難道就你江夕晚有能力保住這份優厚條件?簡直就是笑話……

原身(江汐婉)的條件就那樣,憑什麼你一穿就能改變?

特別可笑的是:作者居然硬坳女主可以隨意拿走前世賺來的錢?

太好笑了吧!難道蘇暖玉不會清點、追究嗎(都當讀者沒智商)?


其次,江汐婉的生母再怎麼遲鈍,孩子是她生的,女兒有沒有異常她能看不見、感覺不到?鬼扯!作者居然三言兩語就打發了讀者…真當我們是傻的——若非我拿這本書作作調劑品而已,我不早摔了它!(怒)

 

再來,每回看這類小說——演藝/娛樂圈題材——我都要提一提《重生之銀河巨星》,因為只有它令我滿意,不管是寫演藝還是寫兩位男主的互動情節,都沒有讓我覺得自己是被作者打發了事的存在;而且,人家作者(蘿蔔兔子)也沒有拼命在故事情節裡面亂灌水(這點特別人我反感)!作者老拿網路論戰(對白)來打發讀者是怎樣?騙錢(明顯在湊字數)?也太過份了!


然後,對於女主能秒入戲的情節一再出現,我看的真想吐!

作者大大若真心不會寫入戲情節就儘量少寫,不要老教讀者出戲行嗎?(唉)

這種感覺就像:某演員就演的很爛,卻硬生生被捧成演戲高手一樣……

怪讓人噁心好吧——切。

 

至於男主………

他是無辜的,我就不說他了……畢竟——

他是被作者(女主?)硬拉活拽出來配合女主的,太無辜了…

他第一次出場像個路人甲……然後……

在女主不需要綠葉的時候,他都是透明的存在,最多…

最多也就在作者的筆下落個名諱罷了,讀者的我們——

也就一句〝喔~有這個人〞而已(比許多小說中,百多章才出線的男主還慘)

所以我說男主只是女主的陪襯,不過份吧?(呵)


如果故事裡的角色都可以跳出書本,為自己發聲,那——

我絕對相信,他們對作者都是怨聲載道的,畢竟

作者對待除女主以外的角色,真的太厚此薄彼到令人髮指!

我在想,若是作者哪天被迫穿進自己小說裡,不知會作何感想?

切…!感情是沒痛在你身,你就隨意糟踐角色哈?!

作者真是過份了。

 

 

END

2024年8月5日 星期一

坤寧by時鏡


 看完第一個感覺是:作者太變態了!

你偏愛性格扭曲的男主就算了,你也不必為了強行將男女主配成對,就對兩個配角那麼狠吧?為了讓變態的男主能成為女主的,作者居然讓兩大男配——張遮、燕臨——都擁有了前世的記憶(前者自帶,後者夢回)硬是讓兩個都好過男主的男配不能跟女主於今生配對成功……作者……這樣做真的特麼的是個超級大變態!

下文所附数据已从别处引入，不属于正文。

text \<open>The map \<open>c \<mapsto> circ a c - a = c + a \<star> c\<close> is an action of \<open>(A, circ)\<close> by additive maps, so
  for \<open>a = g\<^sup>m\<close> it is \<open>(id + (g \<star>))\<^sup>m\<close>; the binomial expansion is finite since \<open>(g \<star>)\<^sup>k = 0\<close>.\<close>

lemma circ_pow_circ_binomial:
  assumes R: "k \<le> R"
  shows "circ (circ_pow g m) c - circ_pow g m = (\<Sum>j\<le>R. nmul (m choose j) (((\<star>) g ^^ j) c))"
proof (induction m)
  case 0
  have "(\<Sum>j\<le>R. nmul (0 choose j) (((\<star>) g ^^ j) c)) = (\<Sum>j\<le>R. if j = 0 then c else 0)"
    by (intro sum.cong refl) (auto simp: binomial_eq_0)
  then show ?case by simp
next
  case (Suc m)
  define X where "X = circ (circ_pow g m) c - circ_pow g m"
  have "circ (circ_pow g (Suc m)) c - circ_pow g (Suc m) = circ g X - g"
    by (simp add: X_def circ_circ_minus)
  also have "\<dots> = X + g \<star> X" by (simp add: circ_eq_add_star)
  also have "g \<star> X = (\<Sum>j\<le>R. nmul (m choose j) (((\<star>) g ^^ Suc j) c))"
    unfolding X_def Suc by (simp add: star_sum_right star_nmul_right)
  also have "X + \<dots> = (\<Sum>j\<le>R. nmul (Suc m choose j) (((\<star>) g ^^ j) c))"
    unfolding X_def Suc
    by (rule binomial_sum_pascal[symmetric, where F="\<lambda>j. ((\<star>) g ^^ j) c"]) (use star_iter_vanish R in simp)
  finally show ?case .
qed

lemma circ_pow_star_binomial:
  assumes R: "k \<le> R"
  shows "circ_pow g m \<star> c = (\<Sum>j\<le>R. nmul (m choose (j + 1)) (((\<star>) g ^^ Suc j) c))"
proof -
  have "circ_pow g m \<star> c = (circ (circ_pow g m) c - circ_pow g m) - c"
    by (simp add: bstar_def)
  also have "\<dots> = (\<Sum>j\<le>R. nmul (m choose j) (((\<star>) g ^^ j) c)) - c"
    by (simp only: circ_pow_circ_binomial[OF R])
  also have "(\<Sum>j\<le>R. nmul (m choose j) (((\<star>) g ^^ j) c)) =
      c + (\<Sum>j\<le>R. nmul (m choose Suc j) (((\<star>) g ^^ Suc j) c))"
    using binomial_sum_shift[where F="\<lambda>j. ((\<star>) g ^^ j) c"] star_iter_vanish[of "Suc R" g c] R by simp
  finally show ?thesis by simp
qed

lemma circ_pow_binomial:
  assumes R: "k \<le> R"
  shows "circ_pow g m = (\<Sum>j\<le>R. nmul (m choose Suc j) (((\<star>) g ^^ j) g))"
proof (induction m)
  case (Suc m)
  have "circ_pow g (Suc m) = circ_pow g m + (g + g \<star> circ_pow g m)"
    by (simp add: circ_eq_add_star algebra_simps)
  also have "g + g \<star> circ_pow g m = (\<Sum>j\<le>R. nmul (m choose j) (((\<star>) g ^^ j) g))"
    using binomial_sum_shift[where F="\<lambda>j. ((\<star>) g ^^ j) g"] star_iter_vanish[of "Suc R" g g] R
    unfolding Suc by (simp add: star_sum_right star_nmul_right)
  also have "circ_pow g m + \<dots> = (\<Sum>j\<le>R. nmul (Suc m choose Suc j) (((\<star>) g ^^ j) g))"
    unfolding Suc by (simp add: nmul_add_left sum.distrib add.commute)
  finally show ?case .
qed simp

lemma nmul_minus_circ_pow:
  "nmul m g - circ_pow g m = - (\<Sum>j\<le>k. nmul (m choose (j + 2)) (((\<star>) g ^^ Suc j) g))"
proof -
  have "circ_pow g m = (\<Sum>j\<le>Suc k. nmul (m choose Suc j) (((\<star>) g ^^ j) g))"
    by (rule circ_pow_binomial) simp
  also have "\<dots> = nmul m g + (\<Sum>j\<le>k. nmul (m choose (j + 2)) (((\<star>) g ^^ Suc j) g))"
    by (subst sum.atMost_Suc_shift) simp
  finally show ?thesis by simp
qed

end

text \<open>Here \<open>j!\<close> is a unit modulo the exponent \<open>N\<close> of \<open>(A, +)\<close> for \<open>j < k\<close>, so the binomial
  coefficients \<open>m choose j\<close> act on \<open>A\<close> as polynomials in \<open>m\<close> without constant term.\<close>

locale torsion_nilpotent_brace = nilpotent_brace +
  fixes N :: nat
  assumes tors: "\<And>x::'a. nmul N x = 0" and Npos: "N > 0"
    and coprime_fact: "\<And>j. j < k \<Longrightarrow> coprime (fact j) N"
begin

lemma nmul_choose_eq_poly:
  assumes "1 \<le> J" "J < k"
  obtains c u where "\<And>m (x::'a). nmul (m choose J) x = (\<Sum>i\<in>{1..J}. nmul (m ^ i) (nmul (c i) (nmul u x)))"
proof -
  obtain u where u: "[fact J * u = Suc 0] (mod N)"
    using cong_solve_coprime_nat[OF coprime_fact[OF assms(2)]] by blast
  obtain c where c: "\<And>m. [fact J * (m choose J) = (\<Sum>i\<in>{1..J}. c i * m ^ i)] (mod N)"
    using fact_mult_choose_poly_cong[OF Npos assms(1)] by blast
  have "nmul (m choose J) x = (\<Sum>i\<in>{1..J}. nmul (m ^ i) (nmul (c i) (nmul u x)))" for m and x :: 'a
  proof -
    have u': "nmul (fact J * u) y = y" for y :: 'a
      using nmul_cong[where N=N, OF tors u] by simp
    have "nmul (m choose J) x = nmul (m choose J) (nmul (fact J * u) x)"
      by (simp only: u')
    also have "\<dots> = nmul (fact J * (m choose J)) (nmul u x)"
      by (simp only: nmul_mult[symmetric] ac_simps)
    also have "\<dots> = nmul (\<Sum>i\<in>{1..J}. c i * m ^ i) (nmul u x)"
      by (rule nmul_cong[where N=N, OF tors c])
    also have "\<dots> = (\<Sum>i\<in>{1..J}. nmul (m ^ i * c i) (nmul u x))"
      by (simp add: nmul_sum_left mult.commute)
    finally show ?thesis by (simp only: nmul_mult)
  qed
  then show ?thesis by (rule that)
qed

lemma nmul_choose_monom_graded:
  assumes S: "add_closed S" "S a b" and \<mu>: "\<mu> \<ge> 1" and J: "J \<ge> 1"
    and f: "f \<in> filt (J * (e + a + b) + o1)" "f \<in> filt (J * \<mu> + o2)"
  shows "graded_poly (e + o1) (J * \<mu> + o2) S (\<lambda>s t. nmul ((s ^ a * t ^ b) choose J) f)"
proof (cases "k \<le> J")
  case True
  have "J \<le> J * \<mu>" using \<mu> by simp
  with True have "k \<le> J * \<mu> + o2" by linarith
  then have "f = 0" using f(2) by (rule filt_vanish)
  then show ?thesis by (simp add: graded_poly_zero)
next
  case False
  then have "J < k" by simp
  then obtain c u
    where cu: "\<And>m (x::'a). nmul (m choose J) x = (\<Sum>i\<in>{1..J}. nmul (m ^ i) (nmul (c i) (nmul u x)))"
    using nmul_choose_eq_poly[OF J] by blast
  have pow: "(s ^ a * t ^ b) ^ i = s ^ (i * a) * t ^ (i * b)" for s t i :: nat
    by (simp only: power_mult_distrib power_mult[symmetric] mult.commute[of a i] mult.commute[of b i])
  have "graded_poly (e + o1) (J * \<mu> + o2) S
      (\<lambda>s t. \<Sum>i\<in>{1..J}. nmul (s ^ (i * a) * t ^ (i * b)) (nmul (c i) (nmul u f)))"
  proof (rule graded_poly_sum[OF finite_atLeastAtMost])
    fix i assume i: "i \<in> {1..J}"
    have "i * a \<le> J * a" "i * b \<le> J * b" "e \<le> J * e" using i J by simp_all
    then have "e + o1 + i * a + i * b \<le> J * (e + a + b) + o1"
      unfolding distrib_left by linarith
    then have "nmul (c i) (nmul u f) \<in> filt (e + o1 + i * a + i * b)"
      using f(1) by (intro filt_nmul) (rule filt_antimonoD)
    moreover have "nmul (c i) (nmul u f) \<in> filt (J * \<mu> + o2)"
      using f(2) by (intro filt_nmul)
    moreover have "S (i * a) (i * b)"
      using add_closed_mult[OF S] i by simp
    ultimately show "graded_poly (e + o1) (J * \<mu> + o2) S
        (\<lambda>s t. nmul (s ^ (i * a) * t ^ (i * b)) (nmul (c i) (nmul u f)))"
      by (intro graded_poly_monom)
  qed
  then show ?thesis
    by (rule graded_poly_cong) (simp only: cu pow)
qed

lemma binomial_sum_graded:
  assumes S: "add_closed S" "S a b" and \<mu>: "\<mu> \<ge> 1" and j0: "j0 \<ge> 1"
    and f: "\<And>j. j \<le> R \<Longrightarrow> f j \<in> filt ((j + j0) * (e + a + b) + o1) \<and> f j \<in> filt ((j + j0) * \<mu> + o2)"
  shows "graded_poly (e + o1) (j0 * \<mu> + o2) S (\<lambda>s t. \<Sum>j\<le>R. nmul ((s ^ a * t ^ b) choose (j + j0)) (f j))"
proof (intro graded_poly_sum finite_atMost)
  fix j assume "j \<in> {..R}"
  then have "graded_poly (e + o1) ((j + j0) * \<mu> + o2) S (\<lambda>s t. nmul ((s ^ a * t ^ b) choose (j + j0)) (f j))"
    using f j0 by (intro nmul_choose_monom_graded[OF S \<mu>]) auto
  then show "graded_poly (e + o1) (j0 * \<mu> + o2) S (\<lambda>s t. nmul ((s ^ a * t ^ b) choose (j + j0)) (f j))"
    by (rule graded_poly_mono) simp_all
qed

lemma circ_pow_star_graded:
  assumes "add_closed S" "S a b" "\<mu> \<ge> 1" "g \<in> filt (e + a + b)" "g \<in> filt \<mu>" "c \<in> filt w1" "c \<in> filt w2"
  shows "graded_poly (e + w1) (\<mu> + w2) S (\<lambda>s t. circ_pow g (s ^ a * t ^ b) \<star> c)"
proof -
  have "graded_poly (e + w1) (1 * \<mu> + w2) S
      (\<lambda>s t. \<Sum>j\<le>k. nmul ((s ^ a * t ^ b) choose (j + 1)) (((\<star>) g ^^ Suc j) c))"
  proof (rule binomial_sum_graded[OF assms(1-3)])
    fix j
    show "((\<star>) g ^^ Suc j) c \<in> filt ((j + 1) * (e + a + b) + w1) \<and>
        ((\<star>) g ^^ Suc j) c \<in> filt ((j + 1) * \<mu> + w2)"
      using star_iter_filt[OF assms(4,6), of "Suc j"] star_iter_filt[OF assms(5,7), of "Suc j"] by simp
  qed simp
  then show ?thesis by (simp add: circ_pow_star_binomial[of k])
qed
(* Let $n\ge2$ and let $X_1,\dots,X_n$ be nonnegative random variables, $X_{n:n}=\max_iX_i$, $S_n=\sum_{i=1}^nX_i$, such that the distribution function of $X_{n:n}$ has infinite upper endpoint, $X_{n:n}\in\mathrm{GMDA}(h)$ for some positive $h$, and $$\lim_{x\to\infty}\frac{\mathbb{P}(|X_i|>t h(x),X_j>x)}{\mathbb{P}(X_{n:n}>x)}=0\ \text{for all }1\le i\ne j\le n,\ t>0,$$ $$\lim_{x\to\infty}\frac{\mathbb{P}(X_i>Lh(x),X_j>Lh(x))}{\mathbb{P}(X_{n:n}>x)}=0\ \text{for all }1\le i<j\le n\text{ and some }L>0.$$ For a nonempty $\Omega\subset\{1,\dots,n\}$ let $$u=\liminf_{x\to\infty}\frac{\sum_{i\in\Omega}\mathbb{P}(X_i>x)}{\sum_{i=1}^n\mathbb{P}(X_i>x)},\qquad U=\limsup_{x\to\infty}\frac{\sum_{i\in\Omega}\mathbb{P}(X_i>x)}{\sum_{i=1}^n\mathbb{P}(X_i>x)}.$$ Then $$u\le\liminf_{q\to1}\frac{\mathbb{E}\big(\sum_{i\in\Omega}X_i\,\big|\,S_n>\mathrm{VaR}_q(S_n)\big)}{\mathrm{VaR}_q(S_n)}\le\limsup_{q\to1}\frac{\mathbb{E}\big(\sum_{i\in\Omega}X_i\,\big|\,S_n>\mathrm{VaR}_q(S_n)\big)}{\mathrm{VaR}_q(S_n)}\le U.$$
   Context: For $q\in(0,1)$, $\mathrm{VaR}_q(S_n)=\inf\{x:\mathbb{P}(S_n\le x)\ge q\}$. For a distribution function $F$, $\overline{F}=1-F$, $x_F=\sup\{x:F(x)<1\}$; $F\in\mathrm{GMDA}(h)$ means $\lim_{x\to x_F}\overline{F}(x+yh(x))/\overline{F}(x)=e^{-y}$ for all $y\in\mathbb{R}$. Random variables are assumed not degenerate at $0$. *)

theory Defs
  imports "HOL-Probability.Probability"
begin

definition distfun :: "'a measure \<Rightarrow> ('a \<Rightarrow> real) \<Rightarrow> real \<Rightarrow> real" where
  "distfun M Y x = measure M {\<omega> \<in> space M. Y \<omega> \<le> x}"

definition upper_endpoint :: "(real \<Rightarrow> real) \<Rightarrow> ereal" where
  "upper_endpoint F = Sup {ereal x | x. F x < 1}"

definition GMDA :: "(real \<Rightarrow> real) \<Rightarrow> (real \<Rightarrow> real) \<Rightarrow> bool" where
  "GMDA F h = (\<forall>y::real.
     ((\<lambda>x. (1 - F (x + y * h x)) / (1 - F x)) \<longlongrightarrow> exp (- y))
       (if upper_endpoint F = \<infinity> then at_top else at_left (real_of_ereal (upper_endpoint F))))"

話說(作者)你讓兩個生來被環境扭曲了性格的男女主對彼此有點什麼想法了,為毛還非要他們在這一世硬配成雙咧?男的對女的有意思就算了,你幹嘛還讓女主那麼怕男主?這樣他們能在一起才有鬼;真是讓我越看,越忍不住在心裡把作者的祖宗十八代都問候一遍!

 

好嘛~你既讓女主怕死男主,又生出個不比男主差的男配送到女主身邊了,那你就讓他們可以怎樣唄,可作者大大卻又不肯,非要女主跟男主一樣,變態的把大好男配給逼退,更變態的是讓男配對女主又恨又愛的……這算什麼古怪心態?我倒看不明白作者這心態上是怎麼回事?!容我大膽猜測:作者本身活的特別扭曲?生長的環境都影射到男女主身上了?(Wow~)

 

只是可憐了我最欣賞的「燕臨」啦——唉……。
好好的鄰家男孩,那麼陽光的一個人,前世被女主利用完抛棄掉,又逢家中巨變…可謂前途一夕盡毁;偏生他是個專情種,對女主愛而不得之下因愛生恨,又對現實無力改變…我完全不怪他強勢回歸後,心態上的扭曲,是個人都會變…他對女主做的那些事我是怒其不爭又很難不同情他…心裡還不免想對女主如是想『誰教妳用感情利用人,活該!』但我忍不住回歸理智的得說一句:「燕臨,過份了啊!女主再如何對不起你,也不是你可以做禽獸不如之事的藉口啊。」

 

以上這些點點點也就算了……我忍了!
可我真難忍作者對兩大男配的〝殘忍〞啦……為什麼一個攜前世記憶回歸,一個又在半途夢回!?作者大大到底在搞什麼呢?我思前想後也只想到一個理由——男主不夠好唄。可問題來了——不夠好?!那你怎麼就不寫好咧?難道作者也興“缺陷美”這樣的論調?(驚)
張遮這個有點無趣、古板的角色也被作者搞的很可憐——同樣可憐的還有男主,只是他倆的區別在於,男主有女主銜去餵養——偏生還在今生見著變好了的女主,這樣在我眼裡更慘了!因為前世他對女主愛而不得,還能用一句〝她壞,還搞死了我,我倆沒戲!〞放過自己,那今生呢?隔著一世的愛恨要怎麼放開手腳去愛變好了的女主?豈不是更心塞?!作者不要太故意…(氣死我)…。

把男女主放後面來嘮叨,實在是因為太氣作者!
見過不少奇葩作者,就屬這位討厭……想問一句作者:你是人家親媽嗎?肯定不是!(有你這樣整故事角色的嗎?)
都說世上最教人痛恨的不是不曾擁有,而是得而復失。咱們這位男主比起女主來,只有更慘沒有最慘而已。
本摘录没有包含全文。